Terror suspects: Eric Holder’s defense (nothing new here)–agree or disagree?


My response:

There’s no question that after the killings in Little Rock and Fort Hood, the decision to try the KSM five in a civilian court in downtown Manhattan, and the Christmas Day bombing attempt (the government’s before and after behavior alike), the Obama-Holder “law-enforcement” approach to terrorism is under serious bipartisan scrutiny. And Holder’s letter yesterday to his critics on the Hill isn’t likely to assuage them, not least because it essentially ignores issues brought out in the January 20 hearings before the Senate Committee on Homeland Security, like the government’s failure to have its promised High-Value Interrogation Group (HIG) in place.
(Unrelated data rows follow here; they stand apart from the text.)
section \<open>Borel measurability of \<open>X\<^sub>\<phi>\<close>\<close>

lemma le_on_open_if_le_on_dense:
  fixes p q :: "'a::topological_space \<Rightarrow> real"
  assumes dense: "\<And>X. open X \<Longrightarrow> X \<noteq> {} \<Longrightarrow> \<exists>d\<in>D. d \<in> X"
    and W: "open W" and cont: "continuous_on W p" "continuous_on W q"
    and le: "\<And>d. d \<in> D \<Longrightarrow> d \<in> W \<Longrightarrow> p d \<le> q d" and w: "w \<in> W"
  shows "p w \<le> q w"
proof (rule ccontr)
  obtain X where X: "open X" "X \<inter> W = {x \<in> W. q x < p x}"
    using open_Collect_less_Int[OF cont(2,1)] by blast
  assume "\<not> p w \<le> q w"
  then have "w \<in> X \<inter> W" using X(2) w by auto
  then obtain d where d: "d \<in> D" "d \<in> W" "q d < p d"
    using dense[OF open_Int[OF X(1) W]] X(2) by blast
  then show False using le[OF d(1,2)] by linarith
qed

lemma tendsto_0_iff_dense:
  fixes Q :: "'a::real_normed_vector \<Rightarrow> real"
  assumes dense: "\<And>X. open X \<Longrightarrow> X \<noteq> {} \<Longrightarrow> \<exists>d\<in>range ds. d \<in> X"
    and r: "r > 0" and cont: "continuous_on {h. 0 < norm h \<and> norm h < r} Q"
  shows "(Q \<longlongrightarrow> 0) (at 0) \<longleftrightarrow> (\<forall>k. \<exists>m. \<forall>n. 0 < norm (ds n) \<and> norm (ds n) < 1 / real (Suc m)
           \<longrightarrow> \<bar>Q (ds n)\<bar> \<le> 1 / real (Suc k))"
proof
  assume L: "(Q \<longlongrightarrow> 0) (at 0)"
  show "\<forall>k. \<exists>m. \<forall>n. 0 < norm (ds n) \<and> norm (ds n) < 1 / real (Suc m) \<longrightarrow> \<bar>Q (ds n)\<bar> \<le> 1 / real (Suc k)"
  proof
    fix k
    obtain s where s: "s > 0" "\<And>x. x \<noteq> 0 \<and> norm (x - 0) < s \<Longrightarrow> norm (Q x - 0) < 1 / real (Suc k)"
      using LIM_D[OF L, of "1 / real (Suc k)"] by auto
    obtain m where m: "inverse (real (Suc m)) < s" using reals_Archimedean[OF s(1)] by blast
    show "\<exists>m. \<forall>n. 0 < norm (ds n) \<and> norm (ds n) < 1 / real (Suc m) \<longrightarrow> \<bar>Q (ds n)\<bar> \<le> 1 / real (Suc k)"
    proof (intro exI allI impI)
      fix n assume "0 < norm (ds n) \<and> norm (ds n) < 1 / real (Suc m)"
      then have "ds n \<noteq> 0 \<and> norm (ds n - 0) < s" using m by (auto simp: divide_inverse)
      from s(2)[OF this] show "\<bar>Q (ds n)\<bar> \<le> 1 / real (Suc k)" by simp
    qed
  qed
next
  assume R: "\<forall>k. \<exists>m. \<forall>n. 0 < norm (ds n) \<and> norm (ds n) < 1 / real (Suc m) \<longrightarrow> \<bar>Q (ds n)\<bar> \<le> 1 / real (Suc k)"
  show "(Q \<longlongrightarrow> 0) (at 0)"
  proof (rule LIM_I)
    fix e :: real assume "0 < e"
    obtain k where k: "inverse (real (Suc k)) < e" using reals_Archimedean[OF \<open>0 < e\<close>] by blast
    obtain m where m: "\<And>n. 0 < norm (ds n) \<and> norm (ds n) < 1 / real (Suc m) \<Longrightarrow> \<bar>Q (ds n)\<bar> \<le> 1 / real (Suc k)"
      using R by blast
    define s where "s = min (1 / real (Suc m)) r"
    let ?W = "{h. 0 < norm h \<and> norm h < s}"
    have W: "?W = ball 0 s - {0}" by (auto simp: dist_norm)
    have cont_W: "continuous_on ?W (\<lambda>h. \<bar>Q h\<bar>)"
      by (intro continuous_on_rabs continuous_on_subset[OF cont]) (auto simp: s_def)
    have le: "\<bar>Q x\<bar> \<le> 1 / real (Suc k)" if "x \<in> ?W" for x
    proof (rule le_on_open_if_le_on_dense[OF dense _ cont_W continuous_on_const _ that])
      show "open ?W" unfolding W by (intro open_Diff) auto
      fix d assume "d \<in> range ds" "d \<in> ?W"
      then obtain n where n: "d = ds n" "0 < norm (ds n)" "norm (ds n) < s" by auto
      then have "norm (ds n) < 1 / real (Suc m)" unfolding s_def by linarith
      then show "\<bar>Q d\<bar> \<le> 1 / real (Suc k)" using m[of n] n by blast
    qed
    show "\<exists>s>0. \<forall>x. x \<noteq> 0 \<and> norm (x - 0) < s \<longrightarrow> norm (Q x - 0) < e"
    proof (intro exI[of _ s] conjI allI impI)
      show "s > 0" using r by (simp add: s_def)
      fix x :: 'a assume "x \<noteq> 0 \<and> norm (x - 0) < s"
      with le[of x] k show "norm (Q x - 0) < e" by (simp add: divide_inverse)
    qed
  qed
qed

lemma bounded_below_iff_dense:
  fixes L :: "'a::euclidean_space \<Rightarrow> 'b::real_normed_vector"
  assumes dense: "\<And>X. open X \<Longrightarrow> X \<noteq> {} \<Longrightarrow> \<exists>d\<in>range ds. d \<in> X" and L: "linear L"
  shows "(\<exists>B>0. \<forall>u. B * norm u \<le> norm (L u)) \<longleftrightarrow>
    (\<exists>k. \<forall>n. 1 / real (Suc k) * norm (ds n) \<le> norm (L (ds n)))"
proof
  assume "\<exists>B>0. \<forall>u. B * norm u \<le> norm (L u)"
  then obtain B where B: "B > 0" "\<And>u. B * norm u \<le> norm (L u)" by blast
  obtain k where k: "inverse (real (Suc k)) < B" using reals_Archimedean[OF B(1)] by blast
  have "1 / real (Suc k) * norm (ds n) \<le> norm (L (ds n))" for n
    using mult_right_mono[of "1 / real (Suc k)" B "norm (ds n)"] k B(2)[of "ds n"]
    by (simp add: divide_inverse)
  then show "\<exists>k. \<forall>n. 1 / real (Suc k) * norm (ds n) \<le> norm (L (ds n))" by blast
next
  assume "\<exists>k. \<forall>n. 1 / real (Suc k) * norm (ds n) \<le> norm (L (ds n))"
  then obtain k where k: "\<And>n. 1 / real (Suc k) * norm (ds n) \<le> norm (L (ds n))" by blast
  have cont: "continuous_on UNIV (\<lambda>u. norm (L u))"
    using L by (intro continuous_intros linear_continuous_on linear_conv_bounded_linear[THEN iffD1])
  have "1 / real (Suc k) * norm u \<le> norm (L u)" for u
  proof (rule le_on_open_if_le_on_dense[OF dense open_UNIV _ cont _ UNIV_I])
    show "continuous_on UNIV (\<lambda>u. 1 / real (Suc k) * norm u)" by (intro continuous_intros)
  qed (use k in auto)
  then show "\<exists>B>0. \<forall>u. B * norm u \<le> norm (L u)"
    by (intro exI[of _ "1 / real (Suc k)"]) auto
qed

lemma continuous_on_dq_remainder:
  fixes \<phi> :: "'a::euclidean_space \<Rightarrow> ereal"
  assumes cont: "continuous_on (interior (dom_e \<phi>)) (fin \<phi>)"
    and r: "r > 0" "ball y r \<subseteq> interior (dom_e \<phi>)"
  shows "continuous_on {h. 0 < norm h \<and> norm h < r} (dq_remainder \<phi> y)"
proof -
  let ?W = "{h. 0 < norm h \<and> norm h < r}"
  have sub: "(\<lambda>h. y + h) ` ?W \<subseteq> interior (dom_e \<phi>)" using r by (auto simp: dist_norm subset_iff)
  have fin: "continuous_on ?W (\<lambda>h. fin \<phi> (y + h))"
    by (rule continuous_on_compose2[OF cont _ sub]) (intro continuous_intros)
  have hess: "continuous_on ?W (dq_hessian \<phi> y)"
    by (intro linear_continuous_on linear_conv_bounded_linear[THEN iffD1] linear_dq_hessian)
  have nonzero: "\<forall>h\<in>?W. (norm h)\<^sup>2 \<noteq> 0" "\<forall>h\<in>?W. (2::real) \<noteq> 0" by simp_all
  have expr: "continuous_on ?W (\<lambda>h. (fin \<phi> (y + h) - fin \<phi> y - inner (dq_grad \<phi> y) h
      - inner (dq_hessian \<phi> y h) h / 2) / (norm h)\<^sup>2)"
    by (intro continuous_on_divide continuous_on_diff continuous_on_inner continuous_on_const
        continuous_on_id continuous_on_power continuous_on_norm fin hess nonzero)
  have eq: "dq_remainder \<phi> y h = (fin \<phi> (y + h) - fin \<phi> y - inner (dq_grad \<phi> y) h
      - inner (dq_hessian \<phi> y h) h / 2) / (norm h)\<^sup>2" if "h \<in> ?W" for h
  proof -
    have "y + h \<in> interior (dom_e \<phi>)" "y \<in> interior (dom_e \<phi>)" using that sub r by auto
    then show ?thesis by (simp add: dq_remainder_def fin_interior_eq)
  qed
  show ?thesis by (rule iffD2[OF continuous_on_cong[OF refl eq] expr])
qed

context
  fixes \<phi> :: "'a::euclidean_space \<Rightarrow> ereal"
  assumes cont: "continuous_on (interior (dom_e \<phi>)) (fin \<phi>)"
begin

lemma sets_borel_interior_dom_e[measurable]: "interior (dom_e \<phi>) \<in> sets borel"
  by simp

lemma borel_measurable_fin_interior[measurable]: "fin_interior \<phi> \<in> borel_measurable borel"
proof -
  have "(\<lambda>x. indicator (interior (dom_e \<phi>)) x *\<^sub>R fin \<phi> x) \<in> borel_measurable borel"
    by (rule borel_measurable_continuous_on_indicator[OF sets_borel_interior_dom_e cont])
  then show ?thesis by (simp add: fin_interior_def[abs_def])
qed

lemma borel_measurable_dq_grad[measurable]: "dq_grad \<phi> \<in> borel_measurable borel"
  unfolding dq_grad_def[abs_def] by measurable

lemma borel_measurable_dq_hessian_entry[measurable]:
  "(\<lambda>y. dq_hessian_entry \<phi> y i j) \<in> borel_measurable borel"
  unfolding dq_hessian_entry_def by measurable

lemma borel_measurable_dq_hessian[measurable]: "(\<lambda>y. dq_hessian \<phi> y u) \<in> borel_measurable borel"
  unfolding dq_hessian_def by measurable

lemma borel_measurable_dq_remainder[measurable]: "(\<lambda>y. dq_remainder \<phi> y h) \<in> borel_measurable borel"
  unfolding dq_remainder_def by measurable

lemma sets_borel_Xset[measurable]: "Xset \<phi> \<in> sets borel"
proof -
  obtain D :: "'a set" where D: "countable D" "\<And>X. open X \<Longrightarrow> X \<noteq> {} \<Longrightarrow> \<exists>d\<in>D. d \<in> X"
    by (rule countable_dense_setE) blast
  then have "D \<noteq> {}" by blast
  define ds where "ds = from_nat_into D"
  have dense: "\<And>X. open X \<Longrightarrow> X \<noteq> {} \<Longrightarrow> \<exists>d\<in>range ds. d \<in> X"
    using D \<open>D \<noteq> {}\<close> by (simp add: ds_def)
  have "y \<in> Xset \<phi> \<longleftrightarrow> y \<in> interior (dom_e \<phi>) \<and>
      (\<forall>k. \<exists>m. \<forall>n. 0 < norm (ds n) \<and> norm (ds n) < 1 / real (Suc m)
         \<longrightarrow> \<bar>dq_remainder \<phi> y (ds n)\<bar> \<le> 1 / real (Suc k)) \<and>
      (\<exists>k. \<forall>n. 1 / real (Suc k) * norm (ds n) \<le> norm (dq_hessian \<phi> y (ds n)))" for y
  proof (cases "y \<in> interior (dom_e \<phi>)")
    case True
    then obtain r where "r > 0" "ball y r \<subseteq> interior (dom_e \<phi>)" using open_interior openE by blast
    then show ?thesis
      using Xset_iff_dq[of y \<phi>] tendsto_0_iff_dense[OF dense _ continuous_on_dq_remainder[OF cont]]
        bounded_below_iff_dense[OF dense linear_dq_hessian]
      by simp
  qed (simp add: Xset_iff_dq)
  then have "Xset \<phi> = {y \<in> space borel. y \<in> interior (dom_e \<phi>) \<and>
      (\<forall>k. \<exists>m. \<forall>n. 0 < norm (ds n) \<and> norm (ds n) < 1 / real (Suc m)
         \<longrightarrow> \<bar>dq_remainder \<phi> y (ds n)\<bar> \<le> 1 / real (Suc k)) \<and>
      (\<exists>k. \<forall>n. 1 / real (Suc k) * norm (ds n) \<le> norm (dq_hessian \<phi> y (ds n)))}"
    by auto
  also have "\<dots> \<in> sets borel" by measurable
  finally show ?thesis .
qed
Nor are the administration’s repeated efforts to justify itself by saying it’s doing only what the Bush administration did likely to persuade. In the aftermath of 9/11, and in the teeth of manifold legal challenges, the Bush administration hardly developed a systematic or consistent approach to terrorism. Much thought has been given to the subject since 9/11, of course, and it’s shown the subject to be anything but simple. Nevertheless, if anything is clear, it is that if we are in a war on terror (or in a war against Islamic terrorists), as Obama has finally acknowledged, then the main object in that war ought not to be “to bring terrorists to justice” through after-the-fact prosecutions — the law-enforcement approach — but to prevent terrorist attacks before they happen, which means that intelligence gathering should be the main object of this war. And that, precisely, is what the obsession with Mirandizing, lawyering up, and prosecuting seems to treat as of secondary importance. Intelligence is our first line of defense — and should be our first priority.